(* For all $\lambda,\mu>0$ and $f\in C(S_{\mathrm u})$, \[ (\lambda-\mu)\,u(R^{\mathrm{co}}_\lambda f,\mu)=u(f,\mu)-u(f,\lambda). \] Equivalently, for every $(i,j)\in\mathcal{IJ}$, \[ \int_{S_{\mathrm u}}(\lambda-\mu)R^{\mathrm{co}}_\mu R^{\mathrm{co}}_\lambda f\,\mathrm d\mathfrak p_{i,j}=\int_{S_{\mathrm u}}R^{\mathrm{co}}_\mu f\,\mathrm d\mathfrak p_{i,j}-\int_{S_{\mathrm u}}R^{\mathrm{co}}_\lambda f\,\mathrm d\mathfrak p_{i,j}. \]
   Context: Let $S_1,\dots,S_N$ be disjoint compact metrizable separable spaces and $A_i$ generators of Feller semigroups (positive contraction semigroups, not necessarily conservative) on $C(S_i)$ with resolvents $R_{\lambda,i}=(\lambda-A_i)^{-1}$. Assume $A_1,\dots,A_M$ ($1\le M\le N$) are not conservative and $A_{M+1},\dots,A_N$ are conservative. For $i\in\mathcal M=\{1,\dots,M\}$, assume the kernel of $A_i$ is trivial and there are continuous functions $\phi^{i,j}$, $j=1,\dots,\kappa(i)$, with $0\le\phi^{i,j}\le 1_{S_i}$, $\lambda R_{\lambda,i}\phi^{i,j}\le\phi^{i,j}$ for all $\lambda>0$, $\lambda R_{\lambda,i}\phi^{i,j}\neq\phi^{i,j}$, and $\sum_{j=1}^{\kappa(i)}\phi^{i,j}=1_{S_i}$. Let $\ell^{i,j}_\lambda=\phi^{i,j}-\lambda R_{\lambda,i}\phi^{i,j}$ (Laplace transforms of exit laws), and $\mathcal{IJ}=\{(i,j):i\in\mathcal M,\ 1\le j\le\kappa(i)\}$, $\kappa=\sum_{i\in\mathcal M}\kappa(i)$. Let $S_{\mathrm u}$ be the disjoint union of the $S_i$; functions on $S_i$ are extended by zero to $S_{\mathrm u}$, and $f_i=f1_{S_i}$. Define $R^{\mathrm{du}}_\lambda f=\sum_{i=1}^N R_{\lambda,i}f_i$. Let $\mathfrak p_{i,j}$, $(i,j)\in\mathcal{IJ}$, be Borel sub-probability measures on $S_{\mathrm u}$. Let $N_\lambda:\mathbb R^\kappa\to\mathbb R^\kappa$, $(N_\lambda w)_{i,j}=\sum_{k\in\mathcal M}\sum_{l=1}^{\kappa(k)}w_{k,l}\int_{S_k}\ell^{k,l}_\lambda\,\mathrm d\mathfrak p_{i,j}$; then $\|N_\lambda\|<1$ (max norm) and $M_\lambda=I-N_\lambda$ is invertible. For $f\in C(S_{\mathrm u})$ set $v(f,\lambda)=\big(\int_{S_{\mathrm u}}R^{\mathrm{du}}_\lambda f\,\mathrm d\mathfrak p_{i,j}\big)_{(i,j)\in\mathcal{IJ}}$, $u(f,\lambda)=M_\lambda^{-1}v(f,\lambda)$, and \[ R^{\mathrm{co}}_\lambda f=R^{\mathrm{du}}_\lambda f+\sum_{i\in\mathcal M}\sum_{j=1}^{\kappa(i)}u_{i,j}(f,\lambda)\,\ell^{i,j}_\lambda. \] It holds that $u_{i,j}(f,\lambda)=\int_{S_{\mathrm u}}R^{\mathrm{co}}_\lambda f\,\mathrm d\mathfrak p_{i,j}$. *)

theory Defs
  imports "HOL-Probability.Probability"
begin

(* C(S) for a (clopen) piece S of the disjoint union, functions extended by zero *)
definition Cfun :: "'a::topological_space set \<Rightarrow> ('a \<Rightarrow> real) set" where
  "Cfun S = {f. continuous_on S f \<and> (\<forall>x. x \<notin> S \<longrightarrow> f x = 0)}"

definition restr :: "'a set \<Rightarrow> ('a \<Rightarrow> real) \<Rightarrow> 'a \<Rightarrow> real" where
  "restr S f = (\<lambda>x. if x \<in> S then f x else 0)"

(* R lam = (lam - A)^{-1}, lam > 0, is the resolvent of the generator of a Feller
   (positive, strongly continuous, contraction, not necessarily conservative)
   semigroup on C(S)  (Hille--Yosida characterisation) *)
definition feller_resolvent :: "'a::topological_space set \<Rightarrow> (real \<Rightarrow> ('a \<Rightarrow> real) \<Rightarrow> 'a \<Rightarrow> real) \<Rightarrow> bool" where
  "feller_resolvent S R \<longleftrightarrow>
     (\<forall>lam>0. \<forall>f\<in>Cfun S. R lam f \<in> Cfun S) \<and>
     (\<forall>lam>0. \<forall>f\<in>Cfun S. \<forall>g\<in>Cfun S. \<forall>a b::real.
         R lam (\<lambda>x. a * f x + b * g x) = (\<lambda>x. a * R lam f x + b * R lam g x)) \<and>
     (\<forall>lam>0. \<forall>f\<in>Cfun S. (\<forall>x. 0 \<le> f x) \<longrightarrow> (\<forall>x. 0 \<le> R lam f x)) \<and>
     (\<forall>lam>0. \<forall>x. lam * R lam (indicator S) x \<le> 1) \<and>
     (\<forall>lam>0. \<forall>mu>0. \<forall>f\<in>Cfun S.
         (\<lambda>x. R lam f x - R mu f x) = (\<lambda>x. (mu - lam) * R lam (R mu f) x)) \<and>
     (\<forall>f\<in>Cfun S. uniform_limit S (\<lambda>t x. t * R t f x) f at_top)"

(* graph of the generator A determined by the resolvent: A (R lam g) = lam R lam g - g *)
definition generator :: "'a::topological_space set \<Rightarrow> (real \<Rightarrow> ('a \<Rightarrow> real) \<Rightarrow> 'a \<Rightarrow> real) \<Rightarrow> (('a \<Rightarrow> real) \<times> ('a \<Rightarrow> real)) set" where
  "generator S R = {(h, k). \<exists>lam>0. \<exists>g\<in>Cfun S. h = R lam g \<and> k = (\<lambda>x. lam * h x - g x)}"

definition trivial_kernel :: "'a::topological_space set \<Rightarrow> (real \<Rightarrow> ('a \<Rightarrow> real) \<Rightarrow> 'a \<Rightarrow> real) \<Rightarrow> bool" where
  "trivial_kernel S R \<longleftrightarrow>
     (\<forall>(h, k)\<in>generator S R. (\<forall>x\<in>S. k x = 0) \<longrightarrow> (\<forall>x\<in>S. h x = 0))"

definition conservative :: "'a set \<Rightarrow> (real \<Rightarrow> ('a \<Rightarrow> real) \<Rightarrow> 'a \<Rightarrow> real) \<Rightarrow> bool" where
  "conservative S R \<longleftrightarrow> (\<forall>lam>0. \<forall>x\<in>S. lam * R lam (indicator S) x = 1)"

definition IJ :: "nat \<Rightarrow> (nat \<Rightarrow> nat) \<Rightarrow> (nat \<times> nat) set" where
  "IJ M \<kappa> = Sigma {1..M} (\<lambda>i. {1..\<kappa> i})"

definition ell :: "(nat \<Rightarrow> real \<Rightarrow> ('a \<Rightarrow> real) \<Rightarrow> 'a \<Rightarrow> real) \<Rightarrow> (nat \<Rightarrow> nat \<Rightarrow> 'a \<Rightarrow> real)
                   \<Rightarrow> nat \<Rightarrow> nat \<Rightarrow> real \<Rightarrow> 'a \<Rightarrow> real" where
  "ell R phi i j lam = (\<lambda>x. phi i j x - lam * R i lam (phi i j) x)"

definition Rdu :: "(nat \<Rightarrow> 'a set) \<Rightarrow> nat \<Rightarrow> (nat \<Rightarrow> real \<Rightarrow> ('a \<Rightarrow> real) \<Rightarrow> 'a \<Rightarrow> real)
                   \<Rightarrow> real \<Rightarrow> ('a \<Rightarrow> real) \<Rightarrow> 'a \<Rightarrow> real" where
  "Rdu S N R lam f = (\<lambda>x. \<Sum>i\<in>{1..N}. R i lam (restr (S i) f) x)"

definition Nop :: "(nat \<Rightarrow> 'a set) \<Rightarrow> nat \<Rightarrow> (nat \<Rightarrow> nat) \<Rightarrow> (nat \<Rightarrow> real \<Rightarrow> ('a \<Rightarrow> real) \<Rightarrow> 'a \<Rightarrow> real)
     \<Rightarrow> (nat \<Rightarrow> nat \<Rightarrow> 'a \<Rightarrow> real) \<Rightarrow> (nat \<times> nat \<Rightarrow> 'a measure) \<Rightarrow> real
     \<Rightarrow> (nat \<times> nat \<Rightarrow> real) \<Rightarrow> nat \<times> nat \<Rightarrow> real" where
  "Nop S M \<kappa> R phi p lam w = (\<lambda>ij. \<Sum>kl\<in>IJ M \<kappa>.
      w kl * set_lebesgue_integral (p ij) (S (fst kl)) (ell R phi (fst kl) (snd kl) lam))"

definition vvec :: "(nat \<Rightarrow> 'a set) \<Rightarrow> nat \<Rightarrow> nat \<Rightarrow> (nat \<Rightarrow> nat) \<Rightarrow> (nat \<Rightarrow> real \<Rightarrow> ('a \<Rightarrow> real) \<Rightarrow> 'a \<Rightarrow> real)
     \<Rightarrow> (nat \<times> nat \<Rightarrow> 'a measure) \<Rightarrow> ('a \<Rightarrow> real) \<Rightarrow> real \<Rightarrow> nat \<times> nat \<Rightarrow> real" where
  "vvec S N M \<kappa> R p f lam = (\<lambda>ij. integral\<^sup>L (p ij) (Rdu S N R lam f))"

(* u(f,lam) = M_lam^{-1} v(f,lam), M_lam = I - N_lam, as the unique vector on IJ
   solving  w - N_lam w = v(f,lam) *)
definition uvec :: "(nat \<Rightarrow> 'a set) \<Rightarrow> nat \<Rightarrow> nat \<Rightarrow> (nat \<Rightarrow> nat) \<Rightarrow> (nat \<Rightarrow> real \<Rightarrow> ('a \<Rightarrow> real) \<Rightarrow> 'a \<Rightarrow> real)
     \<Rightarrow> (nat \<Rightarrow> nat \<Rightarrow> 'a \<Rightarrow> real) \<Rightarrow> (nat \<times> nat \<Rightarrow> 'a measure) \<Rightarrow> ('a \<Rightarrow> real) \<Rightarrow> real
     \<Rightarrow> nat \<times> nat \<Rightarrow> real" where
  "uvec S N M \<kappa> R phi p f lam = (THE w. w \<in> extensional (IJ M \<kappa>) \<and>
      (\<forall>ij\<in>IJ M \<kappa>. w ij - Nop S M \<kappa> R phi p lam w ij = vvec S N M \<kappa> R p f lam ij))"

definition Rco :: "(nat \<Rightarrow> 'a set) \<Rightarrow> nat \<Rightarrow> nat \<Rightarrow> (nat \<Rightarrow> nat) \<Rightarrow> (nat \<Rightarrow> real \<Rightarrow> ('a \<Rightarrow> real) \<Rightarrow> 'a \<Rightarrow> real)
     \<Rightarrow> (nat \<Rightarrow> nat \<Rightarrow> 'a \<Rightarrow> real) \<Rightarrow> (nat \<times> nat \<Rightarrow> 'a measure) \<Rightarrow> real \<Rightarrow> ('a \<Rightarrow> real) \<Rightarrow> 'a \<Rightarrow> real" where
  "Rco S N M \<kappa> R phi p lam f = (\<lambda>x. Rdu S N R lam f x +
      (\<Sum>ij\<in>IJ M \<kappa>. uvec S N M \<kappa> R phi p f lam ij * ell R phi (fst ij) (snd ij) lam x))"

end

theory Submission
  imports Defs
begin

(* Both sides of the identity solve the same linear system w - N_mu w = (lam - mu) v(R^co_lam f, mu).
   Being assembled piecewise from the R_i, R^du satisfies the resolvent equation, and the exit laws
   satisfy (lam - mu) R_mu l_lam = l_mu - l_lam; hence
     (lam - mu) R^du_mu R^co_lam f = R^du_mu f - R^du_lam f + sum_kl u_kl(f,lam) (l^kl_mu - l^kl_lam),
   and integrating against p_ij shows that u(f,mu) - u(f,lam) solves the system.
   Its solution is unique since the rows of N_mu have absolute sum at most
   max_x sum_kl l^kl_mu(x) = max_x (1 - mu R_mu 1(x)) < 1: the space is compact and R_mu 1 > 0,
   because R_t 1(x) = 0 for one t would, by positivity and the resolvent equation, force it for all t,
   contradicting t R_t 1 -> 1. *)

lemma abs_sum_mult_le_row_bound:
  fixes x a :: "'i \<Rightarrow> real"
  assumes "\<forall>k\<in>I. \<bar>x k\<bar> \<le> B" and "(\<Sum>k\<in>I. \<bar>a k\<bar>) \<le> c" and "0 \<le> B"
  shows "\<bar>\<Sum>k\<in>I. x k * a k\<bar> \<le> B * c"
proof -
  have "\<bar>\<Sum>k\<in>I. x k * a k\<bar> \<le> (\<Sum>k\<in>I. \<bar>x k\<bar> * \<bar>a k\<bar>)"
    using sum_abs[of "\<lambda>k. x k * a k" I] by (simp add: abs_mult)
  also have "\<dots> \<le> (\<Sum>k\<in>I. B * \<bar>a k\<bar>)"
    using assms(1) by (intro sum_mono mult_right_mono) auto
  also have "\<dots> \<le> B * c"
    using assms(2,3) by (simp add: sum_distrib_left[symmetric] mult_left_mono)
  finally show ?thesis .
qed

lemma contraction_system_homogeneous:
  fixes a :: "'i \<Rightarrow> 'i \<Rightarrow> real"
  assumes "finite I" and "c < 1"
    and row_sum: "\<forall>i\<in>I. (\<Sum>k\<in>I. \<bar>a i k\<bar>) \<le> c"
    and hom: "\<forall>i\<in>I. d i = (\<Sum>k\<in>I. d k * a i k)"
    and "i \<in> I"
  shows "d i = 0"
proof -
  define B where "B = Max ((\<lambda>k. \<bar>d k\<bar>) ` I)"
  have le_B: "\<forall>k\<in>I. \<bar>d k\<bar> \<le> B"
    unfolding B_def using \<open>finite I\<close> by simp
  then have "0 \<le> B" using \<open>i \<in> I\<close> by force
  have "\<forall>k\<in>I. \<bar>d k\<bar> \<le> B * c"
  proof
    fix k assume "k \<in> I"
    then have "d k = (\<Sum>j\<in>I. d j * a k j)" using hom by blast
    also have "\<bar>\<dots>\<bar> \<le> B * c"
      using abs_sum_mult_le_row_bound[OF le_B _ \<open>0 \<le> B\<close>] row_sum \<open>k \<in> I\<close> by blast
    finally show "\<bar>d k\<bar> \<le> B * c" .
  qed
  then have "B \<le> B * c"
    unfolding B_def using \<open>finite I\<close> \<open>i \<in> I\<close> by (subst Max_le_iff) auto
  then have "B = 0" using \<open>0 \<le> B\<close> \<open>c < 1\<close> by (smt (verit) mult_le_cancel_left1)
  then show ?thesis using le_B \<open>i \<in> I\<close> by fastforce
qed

- _What is being asked_
Begin at the line containing "using assms(2,3) by" and reproduce each line through the end of the records above.

- _Task result_
    using assms(2,3) by (simp add: sum_distrib_left[symmetric] mult_left_mono)
  finally show ?thesis .
qed

lemma contraction_system_homogeneous:
  fixes a :: "'i \<Rightarrow> 'i \<Rightarrow> real"
  assumes "finite I" and "c < 1"
    and row_sum: "\<forall>i\<in>I. (\<Sum>k\<in>I. \<bar>a i k\<bar>) \<le> c"
    and hom: "\<forall>i\<in>I. d i = (\<Sum>k\<in>I. d k * a i k)"
    and "i \<in> I"
  shows "d i = 0"
proof -
  define B where "B = Max ((\<lambda>k. \<bar>d k\<bar>) ` I)"
  have le_B: "\<forall>k\<in>I. \<bar>d k\<bar> \<le> B"
    unfolding B_def using \<open>finite I\<close> by simp
  then have "0 \<le> B" using \<open>i \<in> I\<close> by force
  have "\<forall>k\<in>I. \<bar>d k\<bar> \<le> B * c"
  proof
    fix k assume "k \<in> I"
    then have "d k = (\<Sum>j\<in>I. d j * a k j)" using hom by blast
    also have "\<bar>\<dots>\<bar> \<le> B * c"
      using abs_sum_mult_le_row_bound[OF le_B _ \<open>0 \<le> B\<close>] row_sum \<open>k \<in> I\<close> by blast
    finally show "\<bar>d k\<bar> \<le> B * c" .
  qed
  then have "B \<le> B * c"
    unfolding B_def using \<open>finite I\<close> \<open>i \<in> I\<close> by (subst Max_le_iff) auto
  then have "B = 0" using \<open>0 \<le> B\<close> \<open>c < 1\<close> by (smt (verit) mult_le_cancel_left1)
  then show ?thesis using le_B \<open>i \<in> I\<close> by fastforce
qed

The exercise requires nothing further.